Funny, isn't it, how their language always seem to place the Creationists deep within the 19th. century. Pagano, a TO regular, for instance, continually refers to 'uniformitarian geology', which is a relic of Lyell; he never talks about plate tectonics except maybe as a convenient miracle of his God for getting rid of all those floodwaters. Doesn't seem to realise that PT is a continuing process; that India is still snuggling into the arms of Asia and that, as a result, the Himalayas are getting Hi-er with every passing year!

Charles Darwin on Earthquakes

Again, from Steven Stanley's "the New Evolutionary Timetable" (1981):

'Charles Darwin, in his diaries on the voyage of The Beagle, relates how he was present in 1835 when Osorno, a Chilean volcano, erupted at the same time as another, Acongagua, only 480 miles away. A month later he was in Valdivia in time for a great earthquake that was accompanied by volcanic eruptions. On the nearby island of Santa Maria, he found:

"beds of putrid mussel shells still adhering to the rocks, ten feet above high-water mark;
the inhabitants had formerly dived at low-water spring-tides for these shells"

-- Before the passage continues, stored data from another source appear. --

lemma penalty_approximate_kkt:
  obtains X E :: "nat \<Rightarrow> real^'n^'m" and t :: "nat \<Rightarrow> real^'p" and Y :: "nat \<Rightarrow> real^'n^'m"
  where "bounded (range X)" "bounded (range E)" "bounded (range t)" "bounded (range Y)"
    and "(\<lambda>n. B + J (t n) - X n - E n) \<longlonglongrightarrow> 0" and "\<And>n. adjoint J (Y n) = 0"
    and "\<And>n X'. nuclear_sup (X n) + Y n \<bullet> (X' - X n) \<le> nuclear_sup X'"
    and "\<And>n E'. lam * l1_norm (E n) + Y n \<bullet> (E' - E n) \<le> lam * l1_norm E'"
proof -
  define \<mu> where "\<mu> n = real (Suc n)" for n
  have \<mu>: "1 \<le> \<mu> n" for n by (simp add: \<mu>_def)
  have "\<exists>X E t. \<forall>X' E' t'. penalty (\<mu> n) X E t \<le> penalty (\<mu> n) X' E' t'" for n
    by (rule penalty_minimizer_exists[OF \<mu>]) blast
  then obtain X E t where min: "\<And>n X' E' t'. penalty (\<mu> n) (X n) (E n) (t n) \<le> penalty (\<mu> n) X' E' t'"
    by metis
  define Y where "Y n = \<mu> n *\<^sub>R (B + J (t n) - X n - E n)" for n
  have subX: "nuclear_sup (X n) + Y n \<bullet> (X' - X n) \<le> nuclear_sup X'" for n X'
    unfolding Y_def by (rule penalty_minimizer_subgradients(1)[OF min])
  have subE: "lam * l1_norm (E n) + Y n \<bullet> (E' - E n) \<le> lam * l1_norm E'" for n E'
    unfolding Y_def by (rule penalty_minimizer_subgradients(2)[OF min])
  have adj: "adjoint J (Y n) = 0" for n
    unfolding Y_def using \<mu>[of n] by (intro penalty_minimizer_subgradients(3)[OF min]) simp
  have "penalty (\<mu> n) (X n) (E n) (t n) \<le> nuclear_sup B" for n
    using min[of n B 0 0] by (simp add: penalty_def l1_norm_def J.zero)
  note bounds = penalty_sublevel_bounded[OF \<mu> this]
  define C where "C = real CARD('m) * real CARD('n)"
  have nY: "norm (Y n) \<le> C" for n unfolding C_def by (rule norm_le_if_nuclear_subgradient[OF subX])
  have "(\<lambda>n. B + J (t n) - X n - E n) \<longlonglongrightarrow> 0"
  proof (rule Lim_null_comparison)
    have "norm (B + J (t n) - X n - E n) = norm (Y n) / \<mu> n" for n
      using \<mu>[of n] by (simp add: Y_def)
    then show "\<forall>\<^sub>F n in sequentially. norm (B + J (t n) - X n - E n) \<le> C * inverse (real (Suc n))"
      using nY \<mu> by (auto simp: \<mu>_def divide_right_mono field_simps)
    show "(\<lambda>n. C * inverse (real (Suc n))) \<longlonglongrightarrow> 0"
      using tendsto_mult_right_zero[OF LIMSEQ_inverse_real_of_nat] by simp
  qed
  moreover have "bounded (range X)" "bounded (range E)" "bounded (range Y)"
    using bounds(1,2) nY by (auto simp: bounded_iff)
  moreover have "bounded (range (\<lambda>n. J (t n)))" using bounds(3) by (auto simp: bounded_iff)
  then have "bounded (range t)" by (rule bounded_range_if_bounded_range_J)
  ultimately show ?thesis using that adj subX subE by blast
qed

lemma kkt_exists: obtains X t E Y where "kkt X t E Y"
proof -
  obtain X E :: "nat \<Rightarrow> real^'n^'m" and t :: "nat \<Rightarrow> real^'p" and Y :: "nat \<Rightarrow> real^'n^'m"
    where bX: "bounded (range X)" and bE: "bounded (range E)" and bt: "bounded (range t)"
      and bY: "bounded (range Y)" and res: "(\<lambda>n. B + J (t n) - X n - E n) \<longlonglongrightarrow> 0"
      and adj: "\<And>n. adjoint J (Y n) = 0"
      and subX: "\<And>n X'. nuclear_sup (X n) + Y n \<bullet> (X' - X n) \<le> nuclear_sup X'"
      and subE: "\<And>n E'. lam * l1_norm (E n) + Y n \<bullet> (E' - E n) \<le> lam * l1_norm E'"
    by (rule penalty_approximate_kkt) (rule that)
  have "bounded (range (\<lambda>n. (X n, E n, t n, Y n)))"
    by (rule bounded_subset[OF bounded_Times[OF bX bounded_Times[OF bE bounded_Times[OF bt bY]]]]) auto
  then obtain l r where r: "strict_mono r" and lim: "((\<lambda>n. (X n, E n, t n, Y n)) \<circ> r) \<longlonglongrightarrow> l"
    using bounded_imp_convergent_subsequence by blast
  obtain Xs Es ts Ys where l: "l = (Xs, Es, ts, Ys)" by (cases l) auto
  have cX: "(X \<circ> r) \<longlonglongrightarrow> Xs" and cE: "(E \<circ> r) \<longlonglongrightarrow> Es"
    and ct: "(t \<circ> r) \<longlonglongrightarrow> ts" and cY: "(Y \<circ> r) \<longlonglongrightarrow> Ys"
    using tendsto_fst[OF lim] tendsto_fst[OF tendsto_snd[OF lim]]
      tendsto_fst[OF tendsto_snd[OF tendsto_snd[OF lim]]] tendsto_snd[OF tendsto_snd[OF tendsto_snd[OF lim]]]
    by (simp_all add: l o_def)
  have "(\<lambda>j. B + J ((t \<circ> r) j) - (X \<circ> r) j - (E \<circ> r) j) \<longlonglongrightarrow> B + J ts - Xs - Es"
    by (intro tendsto_intros J.tendsto cX cE ct)
  moreover have "(\<lambda>j. B + J ((t \<circ> r) j) - (X \<circ> r) j - (E \<circ> r) j) \<longlonglongrightarrow> 0"
    using LIMSEQ_subseq_LIMSEQ[OF res r] by (simp add: o_def)
  ultimately have "B + J ts = Xs + Es" using LIMSEQ_unique by (fastforce simp: algebra_simps)
  moreover have "adjoint J Ys = 0"
    using LIMSEQ_unique[OF J_adj.tendsto[OF cY]] adj by (simp add: o_def)
  moreover have "nuclear_sup Xs + Ys \<bullet> (X' - Xs) \<le> nuclear_sup X'" for X'
    by (rule subgradient_inequality_limit[OF continuous_on_nuclear_sup cX cY]) (simp add: subX)
  moreover have "lam * l1_norm Es + Ys \<bullet> (E' - Es) \<le> lam * l1_norm E'" for E'
    by (rule subgradient_inequality_limit[OF _ cE cY])
      (auto intro: continuous_intros continuous_on_l1_norm simp: subE)
  ultimately show ?thesis using that unfolding kkt_def by blast
qed

end

section \<open>Convergence of the iterates\<close>

locale sgs_admm_iteration = sgs_admm B J lam \<sigma>
  for B :: "real^'n^'m" and J :: "real^'p \<Rightarrow> real^'n^'m" and lam \<sigma> :: real +
  fixes \<rho> :: real and Xt Et Yt X E Y :: "nat \<Rightarrow> real^'n^'m" and th t :: "nat \<Rightarrow> real^'p"
  assumes rho: "0 < \<rho>" "\<rho> < 2"
    and step_th: "\<And>k. th (Suc k) = - inv (adjoint J \<circ> J)
      (adjoint J (B - Xt k - Et k) + adjoint J ((1/\<sigma>) *\<^sub>R Yt k))"
    and step_E: "\<And>k. E (Suc k) = soft (lam/\<sigma>) (B + J (th (Suc k)) - Xt k + (1/\<sigma>) *\<^sub>R Yt k)"
    and step_t: "\<And>k. t (Suc k) = - inv (adjoint J \<circ> J)
      (adjoint J (B - Xt k - E (Suc k)) + adjoint J ((1/\<sigma>) *\<^sub>R Yt k))"
    and step_Y: "\<And>k. Y (Suc k) = Yt k + \<sigma> *\<^sub>R (B + J (t (Suc k)) - Xt k - E (Suc k))"
    and step_X: "\<And>k. X (Suc k) = svt (1/\<sigma>) (B + J (t (Suc k)) - E (Suc k) + (1/\<sigma>) *\<^sub>R Y (Suc k))"
    and relax_X: "\<And>k. Xt (Suc k) = Xt k + \<rho> *\<^sub>R (X (Suc k) - Xt k)"
    and relax_E: "\<And>k. Et (Suc k) = Et k + \<rho> *\<^sub>R (E (Suc k) - Et k)"
    and relax_Y: "\<And>k. Yt (Suc k) = Yt k + \<rho> *\<^sub>R (Y (Suc k) - Yt k)"
begin

definition st :: "nat \<Rightarrow> (real^'n^'m) \<times> (real^'n^'m)" where
  "st k = state (Xt k) (Et k) (Yt k)"

lemma iterates_eq_steps:
  shows "E (Suc k) = E_next (fst (st k)) (snd (st k))"
    and "t (Suc k) = tau_next (fst (st k)) (snd (st k))"
    and "Y (Suc k) = Y_next (fst (st k)) (snd (st k))"
    and "X (Suc k) = X_next (fst (st k)) (snd (st k))"
proof -
  have arg_th: "adjoint J (B - Xt k - Et k) + adjoint J ((1/\<sigma>) *\<^sub>R Yt k)
      = adjoint J (B - fst (st k) - snd (st k))"
    by (simp add: st_def state_def J_adj.diff J_adj.add adjoint_J_range_proj algebra_simps)
  have th: "th (Suc k) = tau_half (fst (st k)) (snd (st k))"
    unfolding step_th arg_th by (simp add: tau_half_def normal_inv_def)
  show E: "E (Suc k) = E_next (fst (st k)) (snd (st k))"
    unfolding step_E E_next_def th[symmetric] by (simp add: st_def state_def algebra_simps)
  have arg_t: "adjoint J (B - Xt k - E (Suc k)) + adjoint J ((1/\<sigma>) *\<^sub>R Yt k)
      = adjoint J (B - fst (st k) - E (Suc k))"
    by (simp add: st_def state_def J_adj.diff J_adj.add algebra_simps)
  show t: "t (Suc k) = tau_next (fst (st k)) (snd (st k))"
    unfolding step_t arg_t by (simp add: tau_next_def normal_inv_def E)
  show Y: "Y (Suc k) = Y_next (fst (st k)) (snd (st k))"
    unfolding step_Y Y_next_def t[symmetric] E[symmetric] using sig
    by (simp add: st_def state_def algebra_simps)
  show "X (Suc k) = X_next (fst (st k)) (snd (st k))"
    unfolding step_X X_next_def t[symmetric] E[symmetric] Y[symmetric] ..
qed

lemma st_relaxed_iteration: "st (Suc k) = st k + \<rho> *\<^sub>R (admm_map (st k) - st k)"
proof -
  have "admm_map (st k) = state (X (Suc k)) (E (Suc k)) (Y (Suc k))"
    by (simp add: admm_map_def iterates_eq_steps)
  then show ?thesis
    by (simp add: st_def state_def relax_X relax_E relax_Y range_proj.add range_proj.diff
        range_proj.scaleR algebra_simps)
qed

Near Concepcion, he found older beds about 1000 feet above sea level and, near Valparaiso, similar beds, higher still. He could conclude that volcanism was causally connected to the uplift.'

So it was not necessary to invoke a Universal Noachian Deluge to explain sea shells found at high altitudes; only a series of pulses, such as those CD experienced, over a long time. Very few geologists ever actually experience the sort of earth movements that CD did.
Talk about the right person being in the right place at the right time!
One can almost imagine that there was a God just egging him on.